ASSIGNED TASK - Line count for "where": tally the lines of the records below that contain it, and give only that number.
*** INPUT FOR THIS TASK ***
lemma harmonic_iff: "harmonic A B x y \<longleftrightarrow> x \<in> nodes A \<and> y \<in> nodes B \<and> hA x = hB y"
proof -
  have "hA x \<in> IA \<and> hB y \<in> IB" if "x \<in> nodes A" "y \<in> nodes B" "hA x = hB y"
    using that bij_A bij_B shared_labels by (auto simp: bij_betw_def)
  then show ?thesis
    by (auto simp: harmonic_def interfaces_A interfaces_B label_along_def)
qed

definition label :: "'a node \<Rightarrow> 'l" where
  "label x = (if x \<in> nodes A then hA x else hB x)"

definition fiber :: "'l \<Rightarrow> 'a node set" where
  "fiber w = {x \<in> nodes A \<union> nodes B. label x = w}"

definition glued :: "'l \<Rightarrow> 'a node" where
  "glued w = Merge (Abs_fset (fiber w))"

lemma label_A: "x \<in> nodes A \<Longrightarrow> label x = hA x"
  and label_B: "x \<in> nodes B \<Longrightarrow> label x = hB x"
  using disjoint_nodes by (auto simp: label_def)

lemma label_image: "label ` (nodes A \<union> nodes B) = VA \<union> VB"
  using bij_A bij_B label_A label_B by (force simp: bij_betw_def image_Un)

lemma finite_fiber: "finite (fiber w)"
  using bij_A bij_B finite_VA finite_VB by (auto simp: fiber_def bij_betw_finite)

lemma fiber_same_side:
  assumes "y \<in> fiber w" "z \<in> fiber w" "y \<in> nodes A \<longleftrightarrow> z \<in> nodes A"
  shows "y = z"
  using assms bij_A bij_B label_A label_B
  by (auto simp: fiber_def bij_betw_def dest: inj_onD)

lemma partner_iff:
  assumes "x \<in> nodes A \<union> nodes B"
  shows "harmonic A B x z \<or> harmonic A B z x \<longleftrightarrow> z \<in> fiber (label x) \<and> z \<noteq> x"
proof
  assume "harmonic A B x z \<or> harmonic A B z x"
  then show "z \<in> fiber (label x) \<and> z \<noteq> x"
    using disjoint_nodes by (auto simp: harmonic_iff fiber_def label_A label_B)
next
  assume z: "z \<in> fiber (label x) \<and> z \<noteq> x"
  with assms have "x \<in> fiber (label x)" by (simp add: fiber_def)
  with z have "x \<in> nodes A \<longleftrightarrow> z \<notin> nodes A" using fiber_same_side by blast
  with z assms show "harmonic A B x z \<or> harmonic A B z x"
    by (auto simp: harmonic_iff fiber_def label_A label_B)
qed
*** End of INPUT FOR THIS TASK ***
TASK RESULT - 3